A note from US fund manager Capital Group points out that global dividends were up 7.7 per cent in the first half of this year against the same period in 2024.
In the UK they are up only 3.8 per cent, but 92 per cent of British companies either held their dividends or increased them.
Of course it is early days, but world trade so far does not seem to be seriously damaged either by sanctions or tariffs.
I was talking to some shipping people last week who said one of their great problems is that ports can’t cope with the volume of trade. Ships are anchored outside ports for days waiting to unload.
So what happens next? Well, it would be absurd not to acknowledge the widespread concern that some sort of market crash is around the corner.
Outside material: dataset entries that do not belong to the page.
(* For $a\in\mathfrak z$ and $w\in\mathfrak{H}^1$: (i) $S_\hbar^t(a\circ_+w)=a\circ_+S_\hbar^t(w)$; (ii) $S_\hbar^t(wy)=\gamma_\hbar^t(w)\,y$, where $\gamma_\hbar^t$ is the algebra automorphism of $\mathfrak{H}$ with $\gamma_\hbar^t(x)=x$ and $\gamma_\hbar^t(y)=tx+y+\hbar t$.
   Context: Let $\hbar,t$ be formal variables and $\mathfrak{H}=\mathbb{Q}[\hbar,t]\langle x,y\rangle$ the noncommutative polynomial algebra over $\mathbb{Q}[\hbar,t]$; put $\mathfrak{H}^1=\mathbb{Q}[\hbar,t]+\mathfrak{H}y$ and $z_j=x^{j-1}y$ ($j\ge1$). Let $\mathfrak z$ be the $\mathbb{Q}[\hbar,t]$-submodule spanned by $\{z_j\}_{j\ge1}$, with the $\mathbb{Q}[\hbar,t]$-bilinear product $z_i\circ_+ z_j=z_{i+j}+\hbar z_{i+j-1}$, extended to an action of $\mathfrak z$ on $\mathfrak{H}^1$ by $z_i\circ_+1=0$, $z_i\circ_+(z_jw)=(z_i\circ_+z_j)w$ ($w\in\mathfrak{H}^1$). Let $S_\hbar^t:\mathfrak{H}^1\to\mathfrak{H}^1$ be the $\mathbb{Q}[\hbar,t]$-linear map with $S_\hbar^t(1)=1$ and $S_\hbar^t(z_kw)=z_kS_\hbar^t(w)+t\,z_k\circ_+S_\hbar^t(w)$ for $k\ge1$ and words $w\in\mathfrak{H}^1$. *)

theory Defs
  imports "HOL-Library.Poly_Mapping" "HOL-Computational_Algebra.Polynomial"
begin

text \<open>Coefficient ring Q[hbar,t], realised as (Q[hbar])[t] = rat poly poly.\<close>
type_synonym coeff = "rat poly poly"

definition tt :: coeff where "tt = [:0, 1:]"
definition hb :: coeff where "hb = [:[:0, 1:]:]"

datatype letter = X | Y
type_synonym word = "letter list"

text \<open>The noncommutative polynomial algebra H = Q[hbar,t]<x,y>: finitely supported
  coefficient functions on words.\<close>
type_synonym H = "word \<Rightarrow>\<^sub>0 coeff"

definition mon :: "word \<Rightarrow> H" where "mon u = Poly_Mapping.single u 1"
definition hone :: H where "hone = mon []"
definition hx :: H where "hx = mon [X]"
definition hy :: H where "hy = mon [Y]"

definition scal :: "coeff \<Rightarrow> H \<Rightarrow> H" where
  "scal c p = Poly_Mapping.map (\<lambda>a. c * a) p"

definition cst :: "coeff \<Rightarrow> H" where "cst c = scal c hone"

definition hmul :: "H \<Rightarrow> H \<Rightarrow> H" where
  "hmul p q = (\<Sum>u\<in>Poly_Mapping.keys p. \<Sum>v\<in>Poly_Mapping.keys q. Poly_Mapping.single (u @ v) (Poly_Mapping.lookup p u * Poly_Mapping.lookup q v))"

definition lin :: "(word \<Rightarrow> H) \<Rightarrow> H \<Rightarrow> H" where
  "lin f p = (\<Sum>u\<in>Poly_Mapping.keys p. scal (Poly_Mapping.lookup p u) (f u))"

text \<open>H^1 = Q[hbar,t] + H y: every word in the support is empty or ends in y.\<close>
definition H1 :: "H set" where
  "H1 = {p. \<forall>u\<in>Poly_Mapping.keys p. u = [] \<or> last u = Y}"

definition zw :: "nat \<Rightarrow> word" where "zw j = replicate (j - 1) X @ [Y]"
definition z :: "nat \<Rightarrow> H" where "z j = mon (zw j)"

definition zmod :: "H set" where
  "zmod = {p. \<forall>u\<in>Poly_Mapping.keys p. \<exists>j\<ge>1. u = zw j}"

definition zprod :: "nat \<Rightarrow> nat \<Rightarrow> H" where
  "zprod i j = z (i + j) + scal hb (z (i + j - 1))"

text \<open>Decomposition of a nonempty word u = z_j w (j = number of leading x's + 1).\<close>
definition zidx :: "word \<Rightarrow> nat" where
  "zidx u = length (takeWhile (\<lambda>c. c = X) u) + 1"
definition zrest :: "word \<Rightarrow> word" where
  "zrest u = drop (zidx u) u"

definition zact :: "nat \<Rightarrow> word \<Rightarrow> H" where
  "zact i u = (if u = [] then 0 else hmul (zprod i (zidx u)) (mon (zrest u)))"

text \<open>Bilinear extension: a o+ p for a in zmod and p in H^1
  (a word of zmod of the form x^(i-1) y has i = its length).\<close>
definition circ :: "H \<Rightarrow> H \<Rightarrow> H" where
  "circ a p = lin (\<lambda>v. lin (zact (length v)) p) a"

function Sw :: "word \<Rightarrow> H" where
  "Sw u = (if u = [] then hone
           else hmul (z (zidx u)) (Sw (zrest u)) + scal tt (circ (z (zidx u)) (Sw (zrest u))))"
  by auto
termination
  by (relation "measure length") (auto simp: zrest_def zidx_def)

definition S :: "H \<Rightarrow> H" where "S = lin Sw"

fun gw :: "word \<Rightarrow> H" where
  "gw [] = hone"
| "gw (X # u) = hmul hx (gw u)"
| "gw (Y # u) = hmul (scal tt hx + hy + cst (hb * tt)) (gw u)"

definition gamma :: "H \<Rightarrow> H" where "gamma = lin gw"

end

theory Submission
  imports Defs
begin

text \<open>
  For (i) it suffices, by linearity, to take a = z_i and w = z_k u, so that
  z_i o+ w = z_(i+k) u + hbar z_(i+k-1) u. Expanding S(z_i o+ w) and S(w) by the
  recursion for S, the two sides agree by the rules
  z_i o+ (z_k p) = (z_i o+ z_k) p  and  z_i o+ (z_k o+ p) = z_(i+k) o+ p + hbar z_(i+k-1) o+ p.
  For (ii), on H y the operator z_i o+ is left multiplication by x^i + hbar x^(i-1), so
  S(x^(k-1) y u y) = x^(k-1) (y + t x + hbar t) S(u y) = gamma(x^(k-1) y) S(u y),
  and induction on u finishes.
\<close>

lemma lookup_scal [simp]: "Poly_Mapping.lookup (scal c p) k = c * Poly_Mapping.lookup p k"
  unfolding scal_def by transfer (simp add: when_def)

lemma scal_add [simp]: "scal c (p + q) = scal c p + scal c q"
  by (rule poly_mapping_eqI) (simp add: lookup_add algebra_simps)

lemma scal_add_left: "scal (c + d) p = scal c p + scal d p"
  by (rule poly_mapping_eqI) (simp add: lookup_add algebra_simps)

lemma scal_scal [simp]: "scal c (scal d p) = scal (c * d) p"
  by (rule poly_mapping_eqI) (simp add: algebra_simps)

lemma scal_one [simp]: "scal 1 p = p"
  by (rule poly_mapping_eqI) simp

lemma scal_zero_left [simp]: "scal 0 p = 0"
  by (rule poly_mapping_eqI) simp

lemma scal_zero [simp]: "scal c 0 = 0"
  by (rule poly_mapping_eqI) simp

lemma scal_sum: "scal c (sum f A) = (\<Sum>x\<in>A. scal c (f x))"
  by (induction A rule: infinite_finite_induct) auto

lemma scal_single: "scal c (Poly_Mapping.single u d) = Poly_Mapping.single u (c * d)"
  by (rule poly_mapping_eqI) (simp add: lookup_single when_def)

lemma keys_scal: "Poly_Mapping.keys (scal c p) \<subseteq> Poly_Mapping.keys p"
  by (auto simp: in_keys_iff)

lemma lin_superset:
  assumes "finite A" "Poly_Mapping.keys p \<subseteq> A"
  shows "lin f p = (\<Sum>u\<in>A. scal (Poly_Mapping.lookup p u) (f u))"
  unfolding lin_def using assms
  by (intro sum.mono_neutral_left) (auto simp: in_keys_iff)

lemma lin_add [simp]: "lin f (p + q) = lin f p + lin f q"
proof -
  let ?A = "Poly_Mapping.keys p \<union> Poly_Mapping.keys q"
  have "lin f (p + q) = (\<Sum>u\<in>?A. scal (Poly_Mapping.lookup (p + q) u) (f u))"
    by (rule lin_superset) (auto simp: keys_add)
  also have "\<dots> = (\<Sum>u\<in>?A. scal (Poly_Mapping.lookup p u) (f u))
                + (\<Sum>u\<in>?A. scal (Poly_Mapping.lookup q u) (f u))"
    by (simp add: lookup_add scal_add_left sum.distrib)
  also have "\<dots> = lin f p + lin f q"
    by (subst (1 2) lin_superset[symmetric]) auto
  finally show ?thesis .
qed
The extraordinary valuations on the big US technology companies are, well, extraordinary.
Nvidia is at $4.6 trillion (£3.4 trillion), Microsoft $3.9 trillion and Apple just behind at $3.8 trillion. Is each of the three really worth more than all the FTSE 100 companies put together?
It all feels frothy, and for those of us old enough to have seen quite a few stock market cycles suddenly head downwards, it is uncomfortable. I would not be at all surprised if there were a nasty reaction pretty soon.
But you have to make a distinction between markets and the real economy. There may be a market glitch, but the world economy does not look in bad shape. There is spare capacity. Consumers still have savings. In fact UK household savings are unusually high, though that may be because we know we will be clobbered with higher taxes next month.
And it looks like, if there is indeed a global slowdown, the world’s central banks will cut interest rates and prop things up.
If they manage to do so, company profits will rise too, underpinning share prices worldwide.
Behind all this is the truth that there is a global economic cycle. There are years of growth, then every decade or so something comes along to wallop the world economy into a serious recession.
It would be great if we knew how to smooth the cycle, to iron out the bumps, but we don’t. My guess is the next big recession is more likely to come in 2028-29 than in 2026-27 or 2027-28. And the markets seem to think that too.